▸ Task statement: Which lines below fall between the one containing "by (rule ideal(2)[OF eq])" and the one containing "using A(2) Ns(2)"? Repeat them exactly, counting both of those lines, and add nothing else.

Stored data
lemma cayley_resolvent_setD:
  assumes U: "unitary_op U" and dense: "dense_in_l2 (cayley_dom U)"
    and z: "z \<in> cayley_resolvent_set U"
  obtains K where "invertible_with_bound (cayley_factor U z) K"
proof -
  let ?shift = "\<lambda>d. vsub (cayley U d) (vsmult z d)"
  let ?M = "cayley_factor U z"
  have bij: "bij_betw ?shift (cayley_dom U) l2" and R: "bounded_op (cayley_resolvent U z)"
    using z by (simp_all add: cayley_resolvent_set_def)
  obtain KR where KR: "0 \<le> KR" "\<forall>f\<in>l2. l2norm (cayley_resolvent U z f) \<le> KR * l2norm f"
    using bounded_op_bound_nonneg[OF R] by blast
  have lin: "l2_linear ?M"
    by (rule l2_linear_cayley_factor[OF unitary_l2_linear[OF U]])
  have surj: "\<exists>x\<in>l2. ?M x = y" if "y \<in> l2" for y
  proof -
    have "y \<in> ?shift ` cayley_dom U"
      using that bij by (simp add: bij_betw_def)
    then obtain x where "x \<in> l2" "?shift (vsub (U x) x) = y"
      unfolding cayley_dom_def by blast
    then show ?thesis
      by (auto simp: cayley_shift_eq[OF U dense])
  qed
  have R_M: "cayley_resolvent U z (?M x) = vsub (U x) x" if "x \<in> l2" for x
    by (rule cayley_resolvent_cayley_factor[OF U dense bij_betw_imp_inj_on[OF bij] that])
  define K where "K = (1 + cmod (\<i> - z) * KR) / 2"
  have bound: "l2norm x \<le> K * l2norm (?M x)" if x: "x \<in> l2" for x
  proof -
    have "l2norm (vsub (U x) x) \<le> KR * l2norm (?M x)"
      using KR(2) R_M[OF x] l2_linear_l2[OF lin x] by metis
    then have "2 * l2norm x \<le> (1 + cmod (\<i> - z) * KR) * l2norm (?M x)"
      by (rule l2norm_le_cayley_factor[OF U x])
    then show ?thesis
      by (simp add: K_def)
  qed
  have "invertible_with_bound ?M K"
    unfolding invertible_with_bound_def using lin surj bound KR(1) by (simp add: K_def add_pos_nonneg)
  then show ?thesis
    by (rule that)
qed

section \<open>Continuity of the resolvent\<close>

text \<open>The trick is to apply Ut to both equations cayley_factor Ut z xt = y = cayley_factor Us z xs.\<close>

lemma cayley_factor_resolvent_diff:
  assumes Us: "unitary_op Us" and Ut: "unitary_op Ut" and xs: "xs \<in> l2" and xt: "xt \<in> l2"
    and es: "cayley_factor Us z xs = y" and et: "cayley_factor Ut z xt = y"
  shows "cayley_factor Ut z (vsub (vsub (Ut xt) xt) (vsub (Us xs) xs)) = vsmult (2 * \<i>) (op_sub Ut Us xs)"
proof (rule ext)
  fix i
  define a b where "a = \<i> - z" and "b = \<i> + z"
  have lin: "l2_linear Ut"
    by (rule unitary_l2_linear[OF Ut])
  have l2: "Ut xt \<in> l2" "Us xs \<in> l2"
    using xs xt by (simp_all add: unitary_l2[OF Ut] unitary_l2[OF Us])
  have Ut_w: "Ut (vsub (vsub (Ut xt) xt) (vsub (Us xs) xs)) = vsub (vsub (Ut (Ut xt)) (Ut xt)) (vsub (Ut (Us xs)) (Ut xs))"
    using xs xt l2 by (simp add: l2_linear_vsub[OF lin])
  have "Ut y = vadd (vsmult a (Ut (Ut xt))) (vsmult b (Ut xt))"
    using et[symmetric] xt l2 by (simp add: cayley_factor_def l2_linear_vadd[OF lin] l2_linear_vsmult[OF lin] a_def b_def)
  then have e1: "Ut y i = a * Ut (Ut xt) i + b * Ut xt i"
    by simp
  have "Ut y = vadd (vsmult a (Ut (Us xs))) (vsmult b (Ut xs))"
    using es[symmetric] xs l2 by (simp add: cayley_factor_def l2_linear_vadd[OF lin] l2_linear_vsmult[OF lin] a_def b_def)
  then have e2: "Ut y i = a * Ut (Us xs) i + b * Ut xs i"
    by simp
  have e3: "y i = a * Ut xt i + b * xt i"
    using fun_cong[OF et, of i] by (simp add: cayley_factor_def a_def b_def)
  have e4: "y i = a * Us xs i + b * xs i"
    using fun_cong[OF es, of i] by (simp add: cayley_factor_def a_def b_def)
  have "cayley_factor Ut z (vsub (vsub (Ut xt) xt) (vsub (Us xs) xs)) i
      = a * ((Ut (Ut xt) i - Ut xt i) - (Ut (Us xs) i - Ut xs i)) + b * ((Ut xt i - xt i) - (Us xs i - xs i))"
    by (simp add: cayley_factor_def Ut_w a_def b_def)
  also have "\<dots> = (a * Ut (Ut xt) i + b * Ut xt i) - (a * Ut (Us xs) i + b * Ut xs i)
      - (a * Ut xt i + b * xt i) + (a * Us xs i + b * xs i) + (a + b) * (Ut xs i - Us xs i)"
    by (simp add: algebra_simps)
  also have "\<dots> = (a + b) * (Ut xs i - Us xs i)"
    by (simp only: e1[symmetric] e2[symmetric] e3[symmetric] e4[symmetric]) simp
  finally show "cayley_factor Ut z (vsub (vsub (Ut xt) xt) (vsub (Us xs) xs)) i = vsmult (2 * \<i>) (op_sub Ut Us xs) i"
    by (simp add: a_def b_def)
qed

lemma cayley_resolvent_diff_eq:
  assumes Us: "unitary_op Us" and Ut: "unitary_op Ut"
    and ds: "dense_in_l2 (cayley_dom Us)" and dt: "dense_in_l2 (cayley_dom Ut)"
    and Ms: "invertible_with_bound (cayley_factor Us z) Ks"
    and Mt: "invertible_with_bound (cayley_factor Ut z) Kt" and y: "y \<in> l2"
  shows "op_sub (cayley_resolvent Ut z) (cayley_resolvent Us z) y =
    vsmult (2 * \<i>) (inv_op (cayley_factor Ut z) (op_sub Ut Us (inv_op (cayley_factor Us z) y)))"
proof -
  define xs xt where "xs = inv_op (cayley_factor Us z) y" and "xt = inv_op (cayley_factor Ut z) y"
  define w where "w = vsub (vsub (Ut xt) xt) (vsub (Us xs) xs)"
  have xs: "xs \<in> l2" "cayley_factor Us z xs = y" and xt: "xt \<in> l2" "cayley_factor Ut z xt = y"
    using inv_op_l2_inverse[OF Ms y] inv_op_l2_inverse[OF Mt y] by (simp_all add: xs_def xt_def)
  have "w \<in> l2"
    using xs xt by (simp add: w_def unitary_l2[OF Us] unitary_l2[OF Ut])
  then have "w = inv_op (cayley_factor Ut z) (cayley_factor Ut z w)"
    by (rule inv_op_f_f[OF Mt, symmetric])
  also have "cayley_factor Ut z w = vsmult (2 * \<i>) (op_sub Ut Us xs)"
    unfolding w_def by (rule cayley_factor_resolvent_diff[OF Us Ut xs(1) xt(1) xs(2) xt(2)])
  also have "inv_op (cayley_factor Ut z) \<dots> = vsmult (2 * \<i>) (inv_op (cayley_factor Ut z) (op_sub Ut Us xs))"
    by (rule l2_linear_vsmult[OF bounded_op_l2_linear[OF bounded_op_inv_op(1)[OF Mt]]])
      (simp add: xs unitary_l2[OF Us] unitary_l2[OF Ut])
  finally have "w = vsmult (2 * \<i>) (inv_op (cayley_factor Ut z) (op_sub Ut Us xs))" .
  moreover have "op_sub (cayley_resolvent Ut z) (cayley_resolvent Us z) y = w"
    using y by (simp add: w_def xs_def xt_def cayley_resolvent_eq[OF Us ds Ms] cayley_resolvent_eq[OF Ut dt Mt])
  ultimately show ?thesis
    by (simp only: xs_def)
qed

lemma cayley_factor_perturb:
  assumes Ms: "invertible_with_bound (cayley_factor Us z) K" and D: "bounded_op (op_sub Ut Us)"
    and small: "cmod (\<i> - z) * opnorm (op_sub Ut Us) * K \<le> 1 / 2"
  shows "invertible_with_bound (cayley_factor Ut z) (2 * K)"
proof -
  let ?E = "\<lambda>x. vsmult (\<i> - z) (op_sub Ut Us x)"
  have "0 < K"
    using Ms by (simp add: invertible_with_bound_def)
  then have "opnorm ?E * K \<le> cmod (\<i> - z) * opnorm (op_sub Ut Us) * K"
    using bounded_op_scaled(2)[OF D] by (simp add: mult_right_mono)
  then have "invertible_with_bound (\<lambda>x. vadd (cayley_factor Us z x) (?E x)) (2 * K)"
    using small by (intro invertible_with_bound_perturb[OF Ms bounded_op_scaled(1)[OF D]]) simp
  moreover have "(\<lambda>x. vadd (cayley_factor Us z x) (?E x)) = cayley_factor Ut z"
    by (rule ext) (rule cayley_factor_diff[symmetric])
  ultimately show ?thesis
    by simp
qed

lemma cayley_resolvent_diff_schatten:
  assumes p: "0 < p" and Us: "unitary_op Us" and Ut: "unitary_op Ut"
    and ds: "dense_in_l2 (cayley_dom Us)" and dt: "dense_in_l2 (cayley_dom Ut)"
    and Ms: "invertible_with_bound (cayley_factor Us z) K" and S: "schatten p (op_sub Ut Us)"
    and small: "cmod (\<i> - z) * opnorm (op_sub Ut Us) * K \<le> 1 / 2"
  shows "z \<in> cayley_resolvent_set Ut"
    "schatten p (op_sub (cayley_resolvent Ut z) (cayley_resolvent Us z))"
    "snorm p (op_sub (cayley_resolvent Ut z) (cayley_resolvent Us z)) \<le> 4 * K\<^sup>2 * snorm p (op_sub Ut Us)"
proof -
  have K: "0 < K"
    using Ms by (simp add: invertible_with_bound_def)
  have Mt: "invertible_with_bound (cayley_factor Ut z) (2 * K)"
    by (rule cayley_factor_perturb[OF Ms schatten_bounded_op[OF S] small])
  show "z \<in> cayley_resolvent_set Ut"
    by (rule cayley_resolvent_setI[OF Ut dt Mt])
  let ?A = "\<lambda>v. vsmult (2 * \<i>) (inv_op (cayley_factor Ut z) v)"
  have A: "bounded_op ?A" "opnorm ?A \<le> 4 * K"
    using bounded_op_scaled[OF bounded_op_inv_op(1)[OF Mt], of "2 * \<i>"] bounded_op_inv_op(2)[OF Mt]
    by (auto simp: norm_mult)
  note Ns = bounded_op_inv_op[OF Ms]
  have eq: "\<forall>y\<in>l2. op_sub (cayley_resolvent Ut z) (cayley_resolvent Us z) y =
      ?A (op_sub Ut Us (inv_op (cayley_factor Us z) y))"
    using cayley_resolvent_diff_eq[OF Us Ut ds dt Ms Mt] by blast
  note ideal = schatten_comp[OF p A(1) S Ns(1)]
  show "schatten p (op_sub (cayley_resolvent Ut z) (cayley_resolvent Us z))"
    by (rule ideal(1)[OF eq])
  have "snorm p (op_sub (cayley_resolvent Ut z) (cayley_resolvent Us z))
      \<le> opnorm ?A * opnorm (inv_op (cayley_factor Us z)) * snorm p (op_sub Ut Us)"
    by (rule ideal(2)[OF eq])
  also have "\<dots> \<le> (4 * K) * K * snorm p (op_sub Ut Us)"
    using A(2) Ns(2) K by (intro mult_right_mono mult_mono opnorm_nonneg Ns(1) snorm_nonneg) simp_all
  finally show "snorm p (op_sub (cayley_resolvent Ut z) (cayley_resolvent Us z)) \<le> 4 * K\<^sup>2 * snorm p (op_sub Ut Us)"
    by (simp add: power2_eq_square mult_ac)
qed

▸ Answer section:
    by (rule ideal(2)[OF eq])
  also have "\<dots> \<le> (4 * K) * K * snorm p (op_sub Ut Us)"
    using A(2) Ns(2) K by (intro mult_right_mono mult_mono opnorm_nonneg Ns(1) snorm_nonneg) simp_all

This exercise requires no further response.